驚異の個人能力! 名古屋を救ったジョー、説得力抜群の2ゴールと周囲の証言が示すその価値

2019年02月24日 今井雄一朗

開幕戦は危うく試合を持っていかれそうになったが…

開幕戦で早くも2ゴールを挙げたジョー。今季も大暴れしそうな雰囲気だ。写真:徳原隆元

[J1リーグ1節]鳥栖0-4名古屋/2月24日/駅スタ
 
 まさにJリーグに降り立った"フェノーメノ"である。鳥栖との開幕戦をアウェーで戦った名古屋は、試合の半分以上を苦戦していたにもかかわらず、結果としては4-0の大勝を収めた。一度火が点いたら止まらない集団だということは昨季の夏を思い出すまでもなく、風間体制における名古屋の特徴だが、その"点火"に手間取ることも少なくないのが悩みどころ。しかし今の彼らには強い味方がいるのである。
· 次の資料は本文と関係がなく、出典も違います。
lemma alg_iv_eq: "alg_iv = boost_alg 0 (B1_eigenspan False True True)"
proof (rule boost_alg_eqI)
  show "(t *\<^sub>R B1, t *\<^sub>R 0 + u) \<in> alg_iv" if "u \<in> B1_eigenspan False True True" for t u
    unfolding alg_iv_def using that
    by (intro CollectI exI[of _ t] exI[of _ "u $ 1"] exI[of _ "u $ 3"])
      (auto simp: B1_eigenspan_def vec3_eq_iff)
qed (auto simp: alg_iv_def B1_eigenspan_def)

lemma alg_v_plus_eq: "alg_v_plus \<beta> = boost_alg (\<beta> *\<^sub>R e 3) (B1_eigenspan True False False)"
proof (rule boost_alg_eqI)
  show "(t *\<^sub>R B1, t *\<^sub>R \<beta> *\<^sub>R e 3 + u) \<in> alg_v_plus \<beta>" if "u \<in> B1_eigenspan True False False" for t u
    unfolding alg_v_plus_def using that
    by (intro CollectI exI[of _ t] exI[of _ "u $ 1"]) (auto simp: B1_eigenspan_def vec3_eq_iff)
  show "\<exists>t u. u \<in> B1_eigenspan True False False \<and> \<xi> = (t *\<^sub>R B1, t *\<^sub>R \<beta> *\<^sub>R e 3 + u)"
    if mem: "\<xi> \<in> alg_v_plus \<beta>" for \<xi>
  proof -
    obtain t s where "\<xi> = (t *\<^sub>R B1, s *\<^sub>R (e 1 + e 2) + (t * \<beta>) *\<^sub>R e 3)"
      using mem unfolding alg_v_plus_def by blast
    then show ?thesis
      by (intro exI[of _ t] exI[of _ "s *\<^sub>R (e 1 + e 2)"]) (simp add: B1_eigenspan_def add.commute)
  qed
qed

lemma alg_v_minus_eq: "alg_v_minus \<beta> = boost_alg (\<beta> *\<^sub>R e 3) (B1_eigenspan False True False)"
proof (rule boost_alg_eqI)
  show "(t *\<^sub>R B1, t *\<^sub>R \<beta> *\<^sub>R e 3 + u) \<in> alg_v_minus \<beta>" if "u \<in> B1_eigenspan False True False" for t u
    unfolding alg_v_minus_def using that
    by (intro CollectI exI[of _ t] exI[of _ "u $ 1"]) (auto simp: B1_eigenspan_def vec3_eq_iff)
  show "\<exists>t u. u \<in> B1_eigenspan False True False \<and> \<xi> = (t *\<^sub>R B1, t *\<^sub>R \<beta> *\<^sub>R e 3 + u)"
    if mem: "\<xi> \<in> alg_v_minus \<beta>" for \<xi>
  proof -
    obtain t s where "\<xi> = (t *\<^sub>R B1, s *\<^sub>R (e 1 - e 2) + (t * \<beta>) *\<^sub>R e 3)"
      using mem unfolding alg_v_minus_def by blast
    then show ?thesis
      by (intro exI[of _ t] exI[of _ "s *\<^sub>R (e 1 - e 2)"]) (simp add: B1_eigenspan_def add.commute)
  qed
qed

lemma subspace_B1_eigenspan: "subspace (B1_eigenspan a b c)"
  by (auto simp: subspace_def B1_eigenspan_def simp flip: distrib_left)
(* Every satisfiable set $\Phi\subseteq\mathrm{FO}\cup\sim\mathrm{FO}$ is satisfied (in first-order team semantics) by a team of cardinality $|\Phi\cap\sim\mathrm{FO}|$. In particular the team can always be chosen countable.
   Context: First-order team semantics: $(\mathcal{A},T)\models\alpha$ for $\alpha\in\mathrm{FO}$ iff $(\mathcal{A},s)\models\alpha$ for all $s\in T$; $(\mathcal{A},T)\models\sim\varphi$ iff $(\mathcal{A},T)\not\models\varphi$; $\sim\mathrm{FO}=\{\sim\alpha\mid\alpha\in\mathrm{FO}\}$ is a fragment of the Boolean closure $\mathcal{B}(\mathrm{FO})$ (closure under $\sim$ and material implication). This generalizes the empty team property (every $\Phi\subseteq\mathrm{FO}$ is satisfied by the empty team). *)

theory Defs
  imports Main "HOL-Library.Countable_Set"
begin

datatype ('f, 'v) trm = Var 'v | Fn 'f "('f, 'v) trm list"

datatype ('f, 'r, 'v) fm =
    Eq "('f, 'v) trm" "('f, 'v) trm"
  | Rel 'r "('f, 'v) trm list"
  | Neg "('f, 'r, 'v) fm"
  | Conj "('f, 'r, 'v) fm" "('f, 'r, 'v) fm"
  | Disj "('f, 'r, 'v) fm" "('f, 'r, 'v) fm"
  | Ex 'v "('f, 'r, 'v) fm"
  | All 'v "('f, 'r, 'v) fm"

text \<open>A structure with universe the (nonempty) type 'a.\<close>
record ('a, 'f, 'r) struct =
  funs :: "'f \<Rightarrow> 'a list \<Rightarrow> 'a"
  rels :: "'r \<Rightarrow> 'a list \<Rightarrow> bool"

primrec teval :: "('a, 'f, 'r) struct \<Rightarrow> ('v \<Rightarrow> 'a) \<Rightarrow> ('f, 'v) trm \<Rightarrow> 'a" where
  "teval M s (Var x) = s x"
| "teval M s (Fn f ts) = funs M f (map (teval M s) ts)"

primrec sat :: "('a, 'f, 'r) struct \<Rightarrow> ('v \<Rightarrow> 'a) \<Rightarrow> ('f, 'r, 'v) fm \<Rightarrow> bool" where
  "sat M s (Eq t u) = (teval M s t = teval M s u)"
| "sat M s (Rel R ts) = rels M R (map (teval M s) ts)"
| "sat M s (Neg \<phi>) = (\<not> sat M s \<phi>)"
| "sat M s (Conj \<phi> \<psi>) = (sat M s \<phi> \<and> sat M s \<psi>)"
| "sat M s (Disj \<phi> \<psi>) = (sat M s \<phi> \<or> sat M s \<psi>)"
| "sat M s (Ex x \<phi>) = (\<exists>a. sat M (s(x := a)) \<phi>)"
| "sat M s (All x \<phi>) = (\<forall>a. sat M (s(x := a)) \<phi>)"

text \<open>Boolean closure B(FO): FO formulas, Boolean negation \<sim>, material implication.\<close>
datatype ('f, 'r, 'v) bfm =
    FO "('f, 'r, 'v) fm"
  | BNot "('f, 'r, 'v) bfm"
  | BImp "('f, 'r, 'v) bfm" "('f, 'r, 'v) bfm"

primrec tsat :: "('a, 'f, 'r) struct \<Rightarrow> ('v \<Rightarrow> 'a) set \<Rightarrow> ('f, 'r, 'v) bfm \<Rightarrow> bool" where
  "tsat M T (FO \<alpha>) = (\<forall>s\<in>T. sat M s \<alpha>)"
| "tsat M T (BNot \<phi>) = (\<not> tsat M T \<phi>)"
| "tsat M T (BImp \<phi> \<psi>) = (tsat M T \<phi> \<longrightarrow> tsat M T \<psi>)"

definition FOset :: "('f, 'r, 'v) bfm set" where
  "FOset = range FO"

definition negFOset :: "('f, 'r, 'v) bfm set" where
  "negFOset = {BNot (FO \<alpha>) | \<alpha>. True}"

end

theory Submission
  imports Defs "HOL-Library.Countable"
begin

text \<open>First-order formulas are flat: they hold in a team iff they hold in each of its
  assignments, so they survive passing to a subteam. A formula \<open>\<sim>\<alpha>\<close> only asks for one
  assignment falsifying \<open>\<alpha>\<close>. Hence, from any team satisfying \<open>\<Phi>\<close>, keeping one such witness
  per negated formula of \<open>\<Phi>\<close> gives a subteam that still satisfies \<open>\<Phi>\<close>. Over countable
  vocabularies there are only countably many formulas, so this subteam is countable.\<close>

instance trm :: (countable, countable) countable
  by countable_datatype

instance fm :: (countable, countable, countable) countable
  by countable_datatype

lemma countable_UNIV_fm:
  assumes "countable (UNIV :: 'f set)" "countable (UNIV :: 'r set)" "countable (UNIV :: 'v set)"
  shows "countable (UNIV :: ('f, 'r, 'v) fm set)"
proof -
  let ?h = "map_fm (to_nat_on (UNIV :: 'f set)) (to_nat_on (UNIV :: 'r set))
                   (to_nat_on (UNIV :: 'v set))"
  have "inj ?h"
    by (rule fm.inj_map) (simp_all add: assms inj_on_to_nat_on)
  then show ?thesis
    by (metis countableI_type countable_image_inj_on)
qed

lemma countable_negFOset:
  assumes "countable (UNIV :: 'f set)" "countable (UNIV :: 'r set)" "countable (UNIV :: 'v set)"
  shows "countable (negFOset :: ('f, 'r, 'v) bfm set)"
proof -
  have "negFOset = (BNot \<circ> FO) ` (UNIV :: ('f, 'r, 'v) fm set)"
    unfolding negFOset_def by auto
  then show ?thesis
    using countable_image[OF countable_UNIV_fm[OF assms]] by metis
qed

lemma tsat_FO_subteam:
  assumes "tsat M T (FO \<alpha>)" "S \<subseteq> T"
  shows "tsat M S (FO \<alpha>)"
  using assms by auto

lemma tsat_BNot_FO_iff: "tsat M T (BNot (FO \<alpha>)) \<longleftrightarrow> (\<exists>s\<in>T. \<not> sat M s \<alpha>)"
  by auto

lemma negFOset_witnesses:
  assumes "\<forall>\<phi>\<in>N. tsat M T \<phi>" "N \<subseteq> negFOset"
  obtains g where "\<And>\<alpha>. BNot (FO \<alpha>) \<in> N \<Longrightarrow> g (BNot (FO \<alpha>)) \<in> T \<and> \<not> sat M (g (BNot (FO \<alpha>))) \<alpha>"
proof -
  have "\<forall>\<phi>\<in>N. \<exists>s\<in>T. \<forall>\<alpha>. \<phi> = BNot (FO \<alpha>) \<longrightarrow> \<not> sat M s \<alpha>"
  proof
    fix \<phi> assume "\<phi> \<in> N"
    then obtain \<alpha> where \<phi>: "\<phi> = BNot (FO \<alpha>)" and "tsat M T \<phi>"
      using assms unfolding negFOset_def by blast
    then obtain s where "s \<in> T" "\<not> sat M s \<alpha>"
      by (auto simp: tsat_BNot_FO_iff)
    with \<phi> show "\<exists>s\<in>T. \<forall>\<beta>. \<phi> = BNot (FO \<beta>) \<longrightarrow> \<not> sat M s \<beta>"
      by auto
  qed
  then obtain g where "\<forall>\<phi>\<in>N. g \<phi> \<in> T \<and> (\<forall>\<alpha>. \<phi> = BNot (FO \<alpha>) \<longrightarrow> \<not> sat M (g \<phi>) \<alpha>)"
    by metis
  then show thesis
    by (intro that) auto
qed

lemma witness_subteam:
  assumes \<Phi>: "\<Phi> \<subseteq> FOset \<union> negFOset" and sat: "\<forall>\<phi>\<in>\<Phi>. tsat M T \<phi>"
  obtains g where "g ` (\<Phi> \<inter> negFOset) \<subseteq> T" "\<forall>\<phi>\<in>\<Phi>. tsat M (g ` (\<Phi> \<inter> negFOset)) \<phi>"
proof -
  let ?N = "\<Phi> \<inter> negFOset"
  obtain g where g: "\<And>\<alpha>. BNot (FO \<alpha>) \<in> ?N \<Longrightarrow> g (BNot (FO \<alpha>)) \<in> T \<and> \<not> sat M (g (BNot (FO \<alpha>))) \<alpha>"
    using negFOset_witnesses[of ?N M T] sat by blast
  have sub: "g ` ?N \<subseteq> T"
    using g unfolding negFOset_def by blast
  have "tsat M (g ` ?N) \<phi>" if "\<phi> \<in> \<Phi>" for \<phi>
  proof -
    consider \<alpha> where "\<phi> = FO \<alpha>" | \<alpha> where "\<phi> = BNot (FO \<alpha>)"
      using \<open>\<phi> \<in> \<Phi>\<close> \<Phi> unfolding FOset_def negFOset_def by blast
    then show ?thesis
    proof cases
      case (1 \<alpha>)
      then show ?thesis
        using tsat_FO_subteam sat \<open>\<phi> \<in> \<Phi>\<close> sub by blast
    next
      case (2 \<alpha>)
      then have "\<phi> \<in> ?N"
        using \<open>\<phi> \<in> \<Phi>\<close> unfolding negFOset_def by blast
      with g[of \<alpha>] 2 show ?thesis
        by (auto simp: tsat_BNot_FO_iff)
    qed
  qed
  with sub show thesis
    by (intro that) auto
qed

theorem mainTheorem6:
  fixes \<Phi> :: "('f, 'r, 'v) bfm set"
  assumes "\<Phi> \<subseteq> FOset \<union> negFOset"
    and "\<exists>(M :: ('a, 'f, 'r) struct) (T :: ('v \<Rightarrow> 'a) set). \<forall>\<phi>\<in>\<Phi>. tsat M T \<phi>"
  shows "\<exists>(M :: ('a, 'f, 'r) struct) (T :: ('v \<Rightarrow> 'a) set).
           (\<forall>\<phi>\<in>\<Phi>. tsat M T \<phi>)
         \<and> (\<exists>g. T \<subseteq> g ` (\<Phi> \<inter> negFOset))
         \<and> ((countable (UNIV :: 'f set) \<and> countable (UNIV :: 'r set) \<and> countable (UNIV :: 'v set))
              \<longrightarrow> countable T)"
proof -
  obtain M :: "('a, 'f, 'r) struct" and T :: "('v \<Rightarrow> 'a) set"
    where sat: "\<forall>\<phi>\<in>\<Phi>. tsat M T \<phi>"
    using assms(2) by blast
  obtain g where "\<forall>\<phi>\<in>\<Phi>. tsat M (g ` (\<Phi> \<inter> negFOset)) \<phi>"
    by (rule witness_subteam[OF assms(1) sat])
  moreover have "countable (g ` (\<Phi> \<inter> negFOset))"
    if "countable (UNIV :: 'f set)" "countable (UNIV :: 'r set)" "countable (UNIV :: 'v set)"
    using countable_subset[OF inf_le2 countable_negFOset[OF that]] by (rule countable_image)
  ultimately show ?thesis
    by (intro exI[of _ M] exI[of _ "g ` (\<Phi> \<inter> negFOset)"] conjI exI[of _ g] impI) auto
qed

end
(* Let $\beta\in(-2,-1)$, $c\in(0,1)$, and let $n\geq 3$ be an integer with $n>\frac{\beta}{c-1}$. Let $x_{1,n}<x_{2,n}<\dots<x_{n,n}$ denote the zeros of the monic Meixner polynomial $M_n(x;\beta,c)$. Then $$0<x_{1,n}<-\beta-1<x_{2,n}<1<-\beta<2<x_{3,n}.$$
   Context: Monic Meixner polynomials are defined by $$M_n(x;\beta,c)=\left(\frac{c}{c-1}\right)^n(\beta)_n\sum_{k=0}^{n}\frac{(-n)_k(-x)_k(1-\frac1c)^k}{(\beta)_k\,k!},$$ for real $\beta,c$ with $c\neq 0$ and $\beta\notin\{-1,-2,\dots,-n+1\}$, where $(\alpha)_0=1$ and $(\alpha)_k=\alpha(\alpha+1)\cdots(\alpha+k-1)$ for $k\geq1$. It is known that for $\beta\in(-2,-1)$, $c\in(0,1)$, $n\ge3$ and $n>\frac{\beta}{c-1}$, all zeros of $M_n(x;\beta,c)$ are real, simple and positive. *)

theory Defs
  imports Complex_Main
begin

definition meixner_M :: "nat \<Rightarrow> real \<Rightarrow> real \<Rightarrow> real \<Rightarrow> real" where
  "meixner_M n beta c x =
     (c / (c - 1)) ^ n * pochhammer beta n *
     (\<Sum>k\<le>n. pochhammer (- real n) k * pochhammer (- x) k * (1 - 1 / c) ^ k
              / (pochhammer beta k * fact k))"

end

(* Let F be the hypergeometric factor of M_n and rho(x) = (beta)_x c^x / x! the Meixner weight on the
   naturals; F is orthogonal with respect to rho to every polynomial of degree below n.  For
   -2 < beta < -1 the weight is negative only at x = 1.  If x_3 <= 2, then f(x) = x (x - 1) times the
   factors x - x_i for i >= 4 has degree n - 1, and F f is, up to a positive constant,
   x (x - 1) (x - x_1) (x - x_2) (x - x_3) times a square: so rho F f is nonnegative on the naturals,
   positive beyond x_n, and yet sums to 0.  The two smallest zeros are located by sign changes:
   F(0) = 1, F(1) = 1 + n (1 - 1/c) / beta > 0 and F(-beta - 1) = (beta + n (1 - c)) / (beta c^n),
   which is negative exactly because n > beta / (c - 1). *)

theory Submission
  imports Defs "HOL-Analysis.Generalised_Binomial_Theorem" "HOL-Computational_Algebra.Polynomial"
begin

definition meixner_weight :: "real \<Rightarrow> real \<Rightarrow> nat \<Rightarrow> real" where
  "meixner_weight beta c x = pochhammer beta x * c ^ x / fact x"

lemma meixner_weight_sums:
  fixes c beta :: real
  assumes "\<bar>c\<bar> < 1"
  shows "meixner_weight beta c sums ((1 - c) powr (- beta))"
proof -
  have "(\<lambda>x. ((- beta) gchoose x) * (- c) ^ x) sums ((1 + (- c)) powr (- beta))"
    by (rule gen_binomial_real) (use assms in simp)
  moreover have "((- beta) gchoose x) * (- c) ^ x = meixner_weight beta c x" for x
    by (simp add: meixner_weight_def gbinomial_pochhammer power_mult_distrib[symmetric])
  ultimately show ?thesis by (simp add: fun_eq_iff)
qed

lemma meixner_weight_falling_moment_sums:
  fixes c beta :: real
  assumes "\<bar>c\<bar> < 1"
  shows "(\<lambda>x. meixner_weight beta c x * pochhammer (- real x) k) sums
           ((-1) ^ k * c ^ k * pochhammer beta k * (1 - c) powr (- (beta + k)))"
proof -
  let ?f = "\<lambda>x. meixner_weight beta c x * pochhammer (- real x) k"
  have vanish: "?f x = 0" if "x < k" for x
    using that by (simp add: pochhammer_of_nat_eq_0_iff)
  have shift: "?f (x + k) = (-1) ^ k * c ^ k * pochhammer beta k * meixner_weight (beta + k) c x" for x
  proof -
    have "fact (x + k) = (fact x * pochhammer (real x + 1) k :: real)"
      using pochhammer_product'[of 1 x k] by (simp add: pochhammer_fact add.commute)
    then have "pochhammer (- real (x + k)) k = (-1) ^ k * (fact (x + k) / fact x)"
      using pochhammer_minus[of "real (x + k)" k] by (simp add: add.commute)
    moreover have "pochhammer beta (x + k) = pochhammer beta k * pochhammer (beta + k) x"
      using pochhammer_product'[of beta k x] by (simp add: add.commute)
    ultimately show ?thesis by (simp add: meixner_weight_def power_add field_simps)
  qed
  have "(\<lambda>x. ?f (x + k)) sums ((-1) ^ k * c ^ k * pochhammer beta k * (1 - c) powr (- (beta + k)))"
    unfolding shift by (intro sums_mult meixner_weight_sums assms)
  then show ?thesis using sums_zero_iff_shift[of k ?f] vanish by blast
qed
言わずと知れた元ブラジル代表にして昨年のリーグ得点王、FWジョーである。今季の開幕戦、危うく試合を持って行かれそうになったチームを救ったのは、紛れもなく彼の個人能力だった。
 
 今思えば明らかなウェイトオーバーだった昨季のことは以前にも書いたが、体重を絞っておけば大丈夫かと言えばそう簡単な話でもない。問題はストライカー、点取り屋としての能力や勘をどこまで研ぎ澄ますことができるか。それは公式戦が始まってみなければ分からない部分だからだ。また、単純なクロスやロングボールなどに頼らない名古屋のようなチームでは、自身の状態が良くてもチャンスボールが届けられないことだってままある。キャンプでの練習試合でもそういった場面は多々あり、公式戦になってみてどうか、という見方はやはりあった。
 
 そこに文字通りの一発回答を示してみせたのだから、やはり怪物である。前半から硬さが目立ち、鳥栖の守備的な試合展開にペースを合わせてしまった名古屋は、序盤から悪循環の連発で、後半になってもその傾向はなかなか改善されずにいた。守備陣の奮闘とランゲラックのビッグセーブによって、なんとか失点を免れてはいたものの、このままではどこかで…と思われた63分、右からの展開から丸山祐市が送り込んだ縦パスをうまく収めたジョーは、DFをブロックしつつターンし、左足を一閃。文章で書くほど簡単なシュートではない。しかし、彼はそのワンチャンスをものにして、チームに鼓動を取り戻させたのだった。
 
「あの先制点でガラッと変わって、チームが自信をもってやれるようになった」
 前半はボールを持つたびに、古巣サポーターからのブーイングに晒されていた吉田豊が、その価値を証言していた。